The crime stats tell a different story. As of Saturday night, the city tallied 535 homicides, shattering its record 500 homicides set in 1990, the height of the crack epidemic. This summer, the city reached another grim milestone: Philadelphia had the highest murder rate per capita of the country’s 10 largest cities.
I’d say that it never ‘made sense’ to use ‘no evidence’ as a synonym for ‘false’ and that this is not a word choice that is made in good faith.
As the saying goes, the absence of evidence is not evidence of absence. The fact that we don’t know any alien life does not guarantee that that there is no alien life. Unfortunately, Zvi and Scott Alexander identify many instances in which people tout absence of evidence as if it were evidence of absence.
I’ll offer another hypothesis on the motives for college admissions which has been put forth by other well before me. Tuition at elite college covers less than 1/3 of the operating costs. The interest /gains from the endowment covers about half the costs. The balance is covered by “annual fund” donations most of which are large $100k+ gifts that come from about 400 individuals in any one year.
Now to make a $100k+ annual gift one needs a least $1M of annual income. There a very few people that earn at that level. My guess is a typical elite college produces around 10 such individuals per year. Most elite colleges admit approximately 10,000 students per year and like a VC firm they in effect are making bets at 1:1000 in the hopes of creating a handful of loyal $1M+ earners in order to stay alive from their future generosity.

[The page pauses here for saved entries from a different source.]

lemma refl2_braid_equal_constants:
  assumes scalar: "\<And>z. (companion_map x l ^^ n) z = (\<mu> * fst z, \<mu> * snd z)"
  shows "alt_comp (refl2_fst l x c) (refl2_snd l x c) n = alt_comp (refl2_snd l x c) (refl2_fst l x c) n"
proof (rule alt_comp_braid_by_swap[where \<tau> = prod.swap])
  define X where "X = refl2_fst l x c \<circ> prod.swap"
  have X: "X z = companion_map x l z + (c, 0)" for z
    by (cases z) (simp add: X_def refl2_fst_def companion_map_def algebra_simps)
  have linear: "companion_map x l (u + v) = companion_map x l u + companion_map x l v" for u v
    by (cases u, cases v) (simp add: companion_map_def algebra_simps)
  have affine: "(X ^^ k) z = (companion_map x l ^^ k) z + (X ^^ k) 0" for k z
    by (induction k) (simp_all add: X linear add.assoc)
  define D where "D = (X ^^ n) 0"
  have Xn: "(X ^^ n) z = (\<mu> * fst z, \<mu> * snd z) + D" for z
    unfolding D_def by (subst affine) (simp add: scalar)
  txt \<open>The second coordinate of \<open>X\<close> is the first coordinate of its argument,
    so \<open>X D = (X ^^ n) (X 0)\<close> forces the translation part \<open>D\<close> onto the diagonal.\<close>
  have "X ((X ^^ n) 0) = (X ^^ n) (X 0)"
    by (rule funpow_swap1)
  then have "fst D = snd D"
    by (simp add: X Xn companion_map_def split_beta prod_eq_iff flip: D_def)
  then show "(X ^^ n) (prod.swap z) = prod.swap ((X ^^ n) z)" for z
    by (simp add: Xn prod_eq_iff)
qed (simp_all add: refl2_fst_def refl2_snd_def split_beta)

lemma refl2_braid:
  assumes "x \<noteq> l - 1" and scalar: "\<And>z. (companion_map x l ^^ n) z = (\<mu> * fst z, \<mu> * snd z)"
  shows "alt_comp (refl2_fst l x a1) (refl2_snd l x a2) n = alt_comp (refl2_snd l x a2) (refl2_fst l x a1) n"
proof -
  txt \<open>Translating by \<open>(\<delta>, 0)\<close> turns both constants into \<open>c\<close>.\<close>
  define \<delta> where "\<delta> = (a2 - a1) / (l - 1 - x)"
  define c where "c = (l - 1) * \<delta> + a1"
  have "(l - 1 - x) * \<delta> = a2 - a1"
    using assms(1) by (simp add: \<delta>_def)
  then have \<delta>: "x * \<delta> + a2 = c"
    by (simp add: c_def algebra_simps)
  define h where "h z = z + (\<delta>, 0)" for z :: "complex \<times> complex"
  have "surj h"
    by (rule surjI[of _ "\<lambda>z. z - (\<delta>, 0)"]) (simp add: h_def)
  moreover have "h (refl2_fst l x c z) = refl2_fst l x a1 (h z)" for z
    by (cases z) (simp add: h_def refl2_fst_def c_def algebra_simps)
  moreover have "h (refl2_snd l x c z) = refl2_snd l x a2 (h z)" for z
    using \<delta> by (cases z) (simp add: h_def refl2_snd_def algebra_simps)
  ultimately show ?thesis
    by (rule alt_comp_braid_semiconj) (rule refl2_braid_equal_constants[OF scalar])
qed

section \<open>A representation by pseudo-reflections\<close>

definition pseudo_refl ::
    "'a set \<Rightarrow> ('a \<Rightarrow> 'a \<Rightarrow> complex) \<Rightarrow> complex \<Rightarrow> 'a \<Rightarrow> ('a \<Rightarrow> complex) \<Rightarrow> 'a \<Rightarrow> complex" where
  "pseudo_refl S K l s v = v(s := l * v s + (\<Sum>u\<in>S-{s}. K s u * v u))"
lemma commutator_transpose_on:
  assumes G: "perm_group_on \<Omega> H" and h\<^sub>1H: "h\<^sub>1 \<in> H" and h\<^sub>2H: "h\<^sub>2 \<in> H"
    and h\<^sub>1: "\<And>\<gamma>. \<gamma> \<in> \<Gamma> \<Longrightarrow> h\<^sub>1 \<gamma> = transpose \<gamma>\<^sub>1 \<gamma>\<^sub>2 \<gamma>"
    and h\<^sub>2: "\<And>\<gamma>. \<gamma> \<in> \<Gamma> \<Longrightarrow> h\<^sub>2 \<gamma> = transpose \<gamma>\<^sub>2 \<gamma>\<^sub>3 \<gamma>"
    and \<gamma>: "\<gamma>\<^sub>1 \<in> \<Gamma>" "\<gamma>\<^sub>2 \<in> \<Gamma>" "\<gamma>\<^sub>3 \<in> \<Gamma>" "\<gamma>\<^sub>1 \<noteq> \<gamma>\<^sub>2" "\<gamma>\<^sub>1 \<noteq> \<gamma>\<^sub>3" "\<gamma>\<^sub>2 \<noteq> \<gamma>\<^sub>3"
    and x: "x \<in> \<Gamma>"
  shows "(inv' h\<^sub>1 \<circ> inv' h\<^sub>2 \<circ> h\<^sub>1 \<circ> h\<^sub>2) x = cycle_of_list [\<gamma>\<^sub>1, \<gamma>\<^sub>3, \<gamma>\<^sub>2] x"
proof -
  have t\<^sub>1: "transpose \<gamma>\<^sub>1 \<gamma>\<^sub>2 y \<in> \<Gamma>" and t\<^sub>2: "transpose \<gamma>\<^sub>2 \<gamma>\<^sub>3 y \<in> \<Gamma>" if "y \<in> \<Gamma>" for y
    using that \<gamma> by (auto simp: transpose_def)
  have h\<^sub>1_inv: "inv' h\<^sub>1 y = transpose \<gamma>\<^sub>1 \<gamma>\<^sub>2 y" if "y \<in> \<Gamma>" for y
    by (rule inv_apply_transpose_on[OF G h\<^sub>1H _ \<gamma>(1,2) that]) (rule h\<^sub>1)
  have h\<^sub>2_inv: "inv' h\<^sub>2 y = transpose \<gamma>\<^sub>2 \<gamma>\<^sub>3 y" if "y \<in> \<Gamma>" for y
    by (rule inv_apply_transpose_on[OF G h\<^sub>2H _ \<gamma>(2,3) that]) (rule h\<^sub>2)
  have "h\<^sub>2 x = transpose \<gamma>\<^sub>2 \<gamma>\<^sub>3 x"
    by (rule h\<^sub>2[OF x])
  moreover have "h\<^sub>1 (transpose \<gamma>\<^sub>2 \<gamma>\<^sub>3 x) = transpose \<gamma>\<^sub>1 \<gamma>\<^sub>2 (transpose \<gamma>\<^sub>2 \<gamma>\<^sub>3 x)"
    by (rule h\<^sub>1[OF t\<^sub>2[OF x]])
  moreover have "inv' h\<^sub>2 (transpose \<gamma>\<^sub>1 \<gamma>\<^sub>2 (transpose \<gamma>\<^sub>2 \<gamma>\<^sub>3 x)) = transpose \<gamma>\<^sub>2 \<gamma>\<^sub>3 (transpose \<gamma>\<^sub>1 \<gamma>\<^sub>2 (transpose \<gamma>\<^sub>2 \<gamma>\<^sub>3 x))"
    by (rule h\<^sub>2_inv[OF t\<^sub>1[OF t\<^sub>2[OF x]]])
  moreover have "inv' h\<^sub>1 (transpose \<gamma>\<^sub>2 \<gamma>\<^sub>3 (transpose \<gamma>\<^sub>1 \<gamma>\<^sub>2 (transpose \<gamma>\<^sub>2 \<gamma>\<^sub>3 x)))
      = transpose \<gamma>\<^sub>1 \<gamma>\<^sub>2 (transpose \<gamma>\<^sub>2 \<gamma>\<^sub>3 (transpose \<gamma>\<^sub>1 \<gamma>\<^sub>2 (transpose \<gamma>\<^sub>2 \<gamma>\<^sub>3 x)))"
    by (rule h\<^sub>1_inv[OF t\<^sub>2[OF t\<^sub>1[OF t\<^sub>2[OF x]]]])
  ultimately have "(inv' h\<^sub>1 \<circ> inv' h\<^sub>2 \<circ> h\<^sub>1 \<circ> h\<^sub>2) x
      = (transpose \<gamma>\<^sub>1 \<gamma>\<^sub>2 \<circ> transpose \<gamma>\<^sub>2 \<gamma>\<^sub>3 \<circ> transpose \<gamma>\<^sub>1 \<gamma>\<^sub>2 \<circ> transpose \<gamma>\<^sub>2 \<gamma>\<^sub>3) x"
    by simp
  then show ?thesis
    using transpose_commutator[OF \<gamma>(4-6)] by simp
qed

text \<open>The commutator of two normalisers of \<open>\<langle>c\<rangle>\<close> acting as overlapping transpositions off the
  support commutes with \<open>c\<close>; its \<open>p\<close>-th power is therefore a power of a three-cycle.\<close>

lemma three_cycle_mem:
  assumes G: "perm_group_on \<Omega> H" and fin: "finite H" and cH: "c \<in> H"
    and cy: "is_cycle c D p" and D: "D \<subseteq> \<Omega>" and p: "prime p" "p \<noteq> 3"
    and ndvd: "\<not> p ^ 2 dvd card (pointwise_stab H (\<Omega> - D))"
    and tr: "\<And>S. S \<subseteq> \<Omega> - D \<Longrightarrow> transitive_on (\<Omega> - S) (pointwise_stab H S)"
    and \<gamma>: "\<gamma>\<^sub>1 \<in> \<Omega> - D" "\<gamma>\<^sub>2 \<in> \<Omega> - D" "\<gamma>\<^sub>3 \<in> \<Omega> - D" "\<gamma>\<^sub>1 \<noteq> \<gamma>\<^sub>2" "\<gamma>\<^sub>1 \<noteq> \<gamma>\<^sub>3" "\<gamma>\<^sub>2 \<noteq> \<gamma>\<^sub>3"
  shows "cycle_of_list [\<gamma>\<^sub>1, \<gamma>\<^sub>3, \<gamma>\<^sub>2] \<in> H"
proof -
  obtain h\<^sub>1 e\<^sub>1 where h\<^sub>1H: "h\<^sub>1 \<in> H" and h\<^sub>1c: "\<And>x. h\<^sub>1 (c x) = (c ^^ e\<^sub>1) (h\<^sub>1 x)"
    and h\<^sub>1: "\<And>\<gamma>. \<gamma> \<in> \<Omega> - D \<Longrightarrow> h\<^sub>1 \<gamma> = transpose \<gamma>\<^sub>1 \<gamma>\<^sub>2 \<gamma>"
    using ex_normaliser_transpose[OF G fin cH cy p(1) ndvd tr \<gamma>(1,2,4)] by blast
  obtain h\<^sub>2 e\<^sub>2 where h\<^sub>2H: "h\<^sub>2 \<in> H" and h\<^sub>2c: "\<And>x. h\<^sub>2 (c x) = (c ^^ e\<^sub>2) (h\<^sub>2 x)"
    and h\<^sub>2: "\<And>\<gamma>. \<gamma> \<in> \<Omega> - D \<Longrightarrow> h\<^sub>2 \<gamma> = transpose \<gamma>\<^sub>2 \<gamma>\<^sub>3 \<gamma>"
    using ex_normaliser_transpose[OF G fin cH cy p(1) ndvd tr \<gamma>(2,3,6)] by blast
  define w where "w = inv' h\<^sub>1 \<circ> inv' h\<^sub>2 \<circ> h\<^sub>1 \<circ> h\<^sub>2"
  define \<rho> where "\<rho> = cycle_of_list [\<gamma>\<^sub>1, \<gamma>\<^sub>3, \<gamma>\<^sub>2]"
  have wH: "w \<in> H"
    unfolding w_def
    by (intro perm_group_on_comp[OF G] perm_group_on_inv[OF G] h\<^sub>1H h\<^sub>2H)
  have "w \<gamma> = \<rho> \<gamma>" if "\<gamma> \<in> \<Omega> - D" for \<gamma>
    unfolding w_def \<rho>_def using commutator_transpose_on[OF G h\<^sub>1H h\<^sub>2H h\<^sub>1 h\<^sub>2 \<gamma> that] .
  moreover have "\<rho> permutes \<Omega> - D"
    unfolding \<rho>_def using cycle_permutes[of "[\<gamma>\<^sub>1, \<gamma>\<^sub>3, \<gamma>\<^sub>2]"] \<gamma>(1-3)
    by (auto intro: permutes_subset)
  ultimately have "w ^^ p = \<rho> ^^ p"
    using funpow_cycle_length_eq[OF perm_group_on_permutes[OF G wH] _ cy D]
      commutator_semiconj_commutes[OF perm_group_on_permutes[OF G h\<^sub>1H] h\<^sub>1c
        perm_group_on_permutes[OF G h\<^sub>2H] h\<^sub>2c]
    unfolding w_def by blast
  then have \<rho>pH: "\<rho> ^^ p \<in> H"
    using perm_group_on_funpow[OF G wH, of p] by simp
  have "\<not> 3 dvd p"
    using p unfolding prime_nat_iff by force
  moreover have "\<rho> ^^ 3 = id"
    unfolding \<rho>_def using \<gamma>(4-6) by (intro three_cycle_funpow_3) auto
  ultimately obtain r where "(\<rho> ^^ p) ^^ r = \<rho>"
    using funpow_prime_generates[where f = \<rho> and p = 3 and k = p] by auto
  then show ?thesis
    using perm_group_on_funpow[OF G \<rho>pH, of r] \<rho>_def by simp
qed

They are well aware of this reality but it verboten to discuss. The administration knows it has some leeway on the 10,000 new matriculants, but there are limits to how many subpar candidates they can accept to meet their woke commitments for diversity and inclusion. Serving the alumni donors that give large sums also obligates the universities to admit their children when possible. Additionally, the hope is that the offspring of the wealthy will themselves be wealthy and make large future gifts.
So, the motivation of elite universities for a admissions is to make 1000:1 VC like bets In order to survive. It’s purely economical.
Absence of evidence frequently is evidence of absence. Correlation is frequently causation too.
The trick is having reasonable conclusions from available evidence and the lack of expected evidence.